# [DIRECTIONS]
Scan the entries and copy each line where the word "blast" is present.

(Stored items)
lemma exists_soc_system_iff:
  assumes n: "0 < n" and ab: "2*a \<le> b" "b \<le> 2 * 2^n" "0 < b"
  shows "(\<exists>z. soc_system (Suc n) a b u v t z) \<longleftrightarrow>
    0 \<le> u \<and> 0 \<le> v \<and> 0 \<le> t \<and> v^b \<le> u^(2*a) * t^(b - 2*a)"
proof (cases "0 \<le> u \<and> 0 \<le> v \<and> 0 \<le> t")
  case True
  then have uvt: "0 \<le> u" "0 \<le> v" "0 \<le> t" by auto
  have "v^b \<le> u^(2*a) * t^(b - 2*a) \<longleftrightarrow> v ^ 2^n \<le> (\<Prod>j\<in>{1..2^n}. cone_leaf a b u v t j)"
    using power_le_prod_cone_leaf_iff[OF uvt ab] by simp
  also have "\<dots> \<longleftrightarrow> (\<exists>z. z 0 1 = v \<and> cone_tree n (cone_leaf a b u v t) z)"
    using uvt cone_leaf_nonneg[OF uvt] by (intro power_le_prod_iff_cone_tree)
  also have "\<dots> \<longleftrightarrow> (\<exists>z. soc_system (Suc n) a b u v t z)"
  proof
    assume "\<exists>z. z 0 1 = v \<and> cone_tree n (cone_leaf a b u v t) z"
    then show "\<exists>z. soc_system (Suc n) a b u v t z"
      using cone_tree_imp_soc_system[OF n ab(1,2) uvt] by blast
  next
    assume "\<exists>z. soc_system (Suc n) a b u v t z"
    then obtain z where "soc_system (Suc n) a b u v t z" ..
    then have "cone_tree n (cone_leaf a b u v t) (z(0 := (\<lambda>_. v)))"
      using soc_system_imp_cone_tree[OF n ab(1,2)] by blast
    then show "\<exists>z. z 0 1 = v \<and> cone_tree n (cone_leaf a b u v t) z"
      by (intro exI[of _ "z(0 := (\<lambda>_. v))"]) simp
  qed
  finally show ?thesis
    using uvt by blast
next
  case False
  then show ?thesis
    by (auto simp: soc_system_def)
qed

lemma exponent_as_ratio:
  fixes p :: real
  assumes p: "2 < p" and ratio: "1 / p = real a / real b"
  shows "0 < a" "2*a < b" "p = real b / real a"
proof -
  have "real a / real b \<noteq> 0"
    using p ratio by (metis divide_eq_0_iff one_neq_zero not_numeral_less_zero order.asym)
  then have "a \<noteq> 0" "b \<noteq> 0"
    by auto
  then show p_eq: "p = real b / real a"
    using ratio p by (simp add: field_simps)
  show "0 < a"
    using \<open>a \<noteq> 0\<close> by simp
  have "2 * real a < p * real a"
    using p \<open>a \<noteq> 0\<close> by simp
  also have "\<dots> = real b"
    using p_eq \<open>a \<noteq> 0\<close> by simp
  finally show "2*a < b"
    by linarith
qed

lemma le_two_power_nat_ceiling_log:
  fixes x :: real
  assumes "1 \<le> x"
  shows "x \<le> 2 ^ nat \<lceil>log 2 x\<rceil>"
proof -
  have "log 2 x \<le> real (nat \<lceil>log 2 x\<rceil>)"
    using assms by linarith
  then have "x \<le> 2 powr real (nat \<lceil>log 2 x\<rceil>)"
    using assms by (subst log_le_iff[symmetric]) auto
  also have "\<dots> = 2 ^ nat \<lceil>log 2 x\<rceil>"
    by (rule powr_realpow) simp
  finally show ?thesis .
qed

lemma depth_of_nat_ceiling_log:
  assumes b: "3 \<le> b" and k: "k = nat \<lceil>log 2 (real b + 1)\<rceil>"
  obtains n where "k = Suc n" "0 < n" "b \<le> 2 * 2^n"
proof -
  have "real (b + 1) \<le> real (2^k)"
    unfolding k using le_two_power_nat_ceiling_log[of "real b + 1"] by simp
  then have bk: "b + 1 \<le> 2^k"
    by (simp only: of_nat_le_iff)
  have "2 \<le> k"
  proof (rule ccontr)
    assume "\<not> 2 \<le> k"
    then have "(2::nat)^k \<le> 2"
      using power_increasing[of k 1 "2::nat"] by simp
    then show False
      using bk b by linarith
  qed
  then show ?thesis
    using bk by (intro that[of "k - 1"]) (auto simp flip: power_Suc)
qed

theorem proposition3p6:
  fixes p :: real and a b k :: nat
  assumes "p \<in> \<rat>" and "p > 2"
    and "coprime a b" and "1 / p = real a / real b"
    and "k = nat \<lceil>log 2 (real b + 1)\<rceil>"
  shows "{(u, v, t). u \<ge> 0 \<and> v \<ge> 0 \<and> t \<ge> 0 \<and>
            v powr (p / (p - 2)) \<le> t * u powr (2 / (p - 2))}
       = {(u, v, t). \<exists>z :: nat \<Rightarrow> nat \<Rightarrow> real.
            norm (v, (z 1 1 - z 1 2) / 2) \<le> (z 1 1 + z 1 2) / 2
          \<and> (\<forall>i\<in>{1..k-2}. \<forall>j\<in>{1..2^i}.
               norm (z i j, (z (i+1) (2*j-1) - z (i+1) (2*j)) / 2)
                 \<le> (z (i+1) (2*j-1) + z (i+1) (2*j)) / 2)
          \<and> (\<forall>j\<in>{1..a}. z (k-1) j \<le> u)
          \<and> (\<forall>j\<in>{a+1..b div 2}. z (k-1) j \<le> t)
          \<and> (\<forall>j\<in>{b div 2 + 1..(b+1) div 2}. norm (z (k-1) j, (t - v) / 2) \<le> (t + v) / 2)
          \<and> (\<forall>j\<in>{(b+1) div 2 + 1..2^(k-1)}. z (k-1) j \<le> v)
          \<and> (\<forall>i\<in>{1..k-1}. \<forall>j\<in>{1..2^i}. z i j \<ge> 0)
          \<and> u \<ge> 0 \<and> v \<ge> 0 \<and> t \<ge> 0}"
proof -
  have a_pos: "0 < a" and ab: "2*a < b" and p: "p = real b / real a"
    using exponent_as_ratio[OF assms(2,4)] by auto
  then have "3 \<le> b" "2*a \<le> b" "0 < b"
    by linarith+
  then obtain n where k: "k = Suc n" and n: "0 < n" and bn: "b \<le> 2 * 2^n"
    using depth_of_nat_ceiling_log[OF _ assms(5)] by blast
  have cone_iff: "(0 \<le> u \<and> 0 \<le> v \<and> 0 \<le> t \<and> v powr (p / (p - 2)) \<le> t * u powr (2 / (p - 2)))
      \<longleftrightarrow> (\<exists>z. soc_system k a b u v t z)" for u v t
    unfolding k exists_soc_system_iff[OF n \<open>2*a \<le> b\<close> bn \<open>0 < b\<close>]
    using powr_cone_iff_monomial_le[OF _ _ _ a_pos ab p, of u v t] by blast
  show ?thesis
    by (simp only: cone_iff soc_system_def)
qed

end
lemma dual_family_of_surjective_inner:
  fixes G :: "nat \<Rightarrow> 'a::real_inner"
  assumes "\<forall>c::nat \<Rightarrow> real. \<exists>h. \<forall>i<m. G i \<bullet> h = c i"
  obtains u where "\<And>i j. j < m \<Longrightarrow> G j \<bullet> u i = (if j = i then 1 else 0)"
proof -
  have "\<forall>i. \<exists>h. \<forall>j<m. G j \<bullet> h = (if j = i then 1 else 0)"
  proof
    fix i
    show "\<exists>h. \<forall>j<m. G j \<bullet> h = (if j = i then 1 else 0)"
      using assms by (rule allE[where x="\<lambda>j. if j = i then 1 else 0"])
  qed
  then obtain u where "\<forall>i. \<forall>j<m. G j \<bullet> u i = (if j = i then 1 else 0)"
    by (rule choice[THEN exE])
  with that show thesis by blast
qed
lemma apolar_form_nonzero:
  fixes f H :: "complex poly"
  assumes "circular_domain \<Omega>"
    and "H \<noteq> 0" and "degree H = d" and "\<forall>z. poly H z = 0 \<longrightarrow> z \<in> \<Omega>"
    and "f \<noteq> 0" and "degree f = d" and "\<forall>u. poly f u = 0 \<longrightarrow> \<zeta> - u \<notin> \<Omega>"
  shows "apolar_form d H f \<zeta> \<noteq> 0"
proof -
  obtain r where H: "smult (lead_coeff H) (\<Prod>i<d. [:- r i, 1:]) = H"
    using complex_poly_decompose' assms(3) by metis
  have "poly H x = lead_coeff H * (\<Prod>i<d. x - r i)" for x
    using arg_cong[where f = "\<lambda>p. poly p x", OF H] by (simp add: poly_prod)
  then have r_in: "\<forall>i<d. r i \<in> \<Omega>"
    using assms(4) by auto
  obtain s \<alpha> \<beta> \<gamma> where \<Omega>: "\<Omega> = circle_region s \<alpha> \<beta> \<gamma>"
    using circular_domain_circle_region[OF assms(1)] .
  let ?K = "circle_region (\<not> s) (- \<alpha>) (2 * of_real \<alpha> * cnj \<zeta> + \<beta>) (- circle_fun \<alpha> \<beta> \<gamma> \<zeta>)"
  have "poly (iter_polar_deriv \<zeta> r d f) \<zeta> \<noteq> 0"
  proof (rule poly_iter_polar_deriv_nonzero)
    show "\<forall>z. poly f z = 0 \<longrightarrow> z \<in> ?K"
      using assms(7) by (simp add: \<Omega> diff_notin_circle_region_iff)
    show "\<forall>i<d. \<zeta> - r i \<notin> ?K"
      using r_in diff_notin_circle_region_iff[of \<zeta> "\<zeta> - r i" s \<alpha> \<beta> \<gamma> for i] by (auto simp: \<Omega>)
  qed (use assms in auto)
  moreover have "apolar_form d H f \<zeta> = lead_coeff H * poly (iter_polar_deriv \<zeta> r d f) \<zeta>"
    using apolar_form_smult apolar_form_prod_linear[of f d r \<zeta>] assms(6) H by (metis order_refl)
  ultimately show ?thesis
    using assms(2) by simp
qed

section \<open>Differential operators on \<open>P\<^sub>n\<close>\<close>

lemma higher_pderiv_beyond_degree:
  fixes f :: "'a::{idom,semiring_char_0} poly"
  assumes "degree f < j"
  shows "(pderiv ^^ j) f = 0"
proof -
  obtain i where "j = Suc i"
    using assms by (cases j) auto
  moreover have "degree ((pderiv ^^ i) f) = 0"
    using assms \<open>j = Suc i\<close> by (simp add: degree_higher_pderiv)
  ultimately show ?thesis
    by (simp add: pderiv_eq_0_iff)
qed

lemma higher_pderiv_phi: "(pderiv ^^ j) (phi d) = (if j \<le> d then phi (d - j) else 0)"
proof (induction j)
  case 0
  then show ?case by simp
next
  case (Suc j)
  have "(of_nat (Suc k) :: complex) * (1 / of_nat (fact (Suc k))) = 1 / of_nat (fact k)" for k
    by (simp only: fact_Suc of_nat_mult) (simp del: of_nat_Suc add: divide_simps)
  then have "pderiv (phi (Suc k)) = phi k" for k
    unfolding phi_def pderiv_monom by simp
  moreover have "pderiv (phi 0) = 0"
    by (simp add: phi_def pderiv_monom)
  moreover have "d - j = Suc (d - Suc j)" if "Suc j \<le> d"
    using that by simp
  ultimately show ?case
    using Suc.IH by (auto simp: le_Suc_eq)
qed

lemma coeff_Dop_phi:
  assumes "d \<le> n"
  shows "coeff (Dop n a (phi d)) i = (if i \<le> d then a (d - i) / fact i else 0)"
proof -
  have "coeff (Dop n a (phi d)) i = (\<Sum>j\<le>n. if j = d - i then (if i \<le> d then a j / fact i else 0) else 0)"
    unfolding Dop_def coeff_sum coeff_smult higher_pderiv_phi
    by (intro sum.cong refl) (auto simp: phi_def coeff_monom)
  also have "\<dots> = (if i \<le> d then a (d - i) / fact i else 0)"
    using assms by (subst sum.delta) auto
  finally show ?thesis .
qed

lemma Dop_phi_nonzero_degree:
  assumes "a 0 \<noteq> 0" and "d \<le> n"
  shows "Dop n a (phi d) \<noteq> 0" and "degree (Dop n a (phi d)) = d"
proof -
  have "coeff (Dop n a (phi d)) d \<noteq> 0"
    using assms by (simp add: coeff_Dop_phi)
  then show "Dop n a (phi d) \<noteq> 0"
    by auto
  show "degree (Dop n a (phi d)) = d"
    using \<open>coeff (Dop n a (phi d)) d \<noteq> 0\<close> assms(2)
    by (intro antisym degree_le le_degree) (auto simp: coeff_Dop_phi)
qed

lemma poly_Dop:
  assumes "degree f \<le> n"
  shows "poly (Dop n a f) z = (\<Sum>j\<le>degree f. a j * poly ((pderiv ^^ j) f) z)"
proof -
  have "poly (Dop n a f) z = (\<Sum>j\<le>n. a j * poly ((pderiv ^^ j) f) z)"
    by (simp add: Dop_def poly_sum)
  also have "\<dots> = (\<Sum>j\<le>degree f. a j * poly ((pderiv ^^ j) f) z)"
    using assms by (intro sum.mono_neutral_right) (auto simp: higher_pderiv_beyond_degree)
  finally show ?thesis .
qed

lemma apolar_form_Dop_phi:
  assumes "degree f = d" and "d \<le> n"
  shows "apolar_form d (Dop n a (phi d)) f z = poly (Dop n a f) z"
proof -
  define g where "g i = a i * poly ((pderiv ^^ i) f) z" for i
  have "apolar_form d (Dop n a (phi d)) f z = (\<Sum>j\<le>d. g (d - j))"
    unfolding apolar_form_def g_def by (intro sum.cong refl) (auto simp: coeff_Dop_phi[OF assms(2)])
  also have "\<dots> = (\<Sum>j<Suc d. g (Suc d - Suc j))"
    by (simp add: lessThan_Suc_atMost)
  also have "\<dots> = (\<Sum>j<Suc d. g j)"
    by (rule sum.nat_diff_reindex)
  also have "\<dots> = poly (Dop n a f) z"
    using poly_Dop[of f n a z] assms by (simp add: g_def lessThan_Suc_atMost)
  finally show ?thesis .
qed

# [RESULT]
      using cone_tree_imp_soc_system[OF n ab(1,2) uvt] by blast
      using soc_system_imp_cone_tree[OF n ab(1,2)] by blast
    using uvt by blast
    using depth_of_nat_ceiling_log[OF _ assms(5)] by blast
    using powr_cone_iff_monomial_le[OF _ _ _ a_pos ab p, of u v t] by blast
  with that show thesis by blast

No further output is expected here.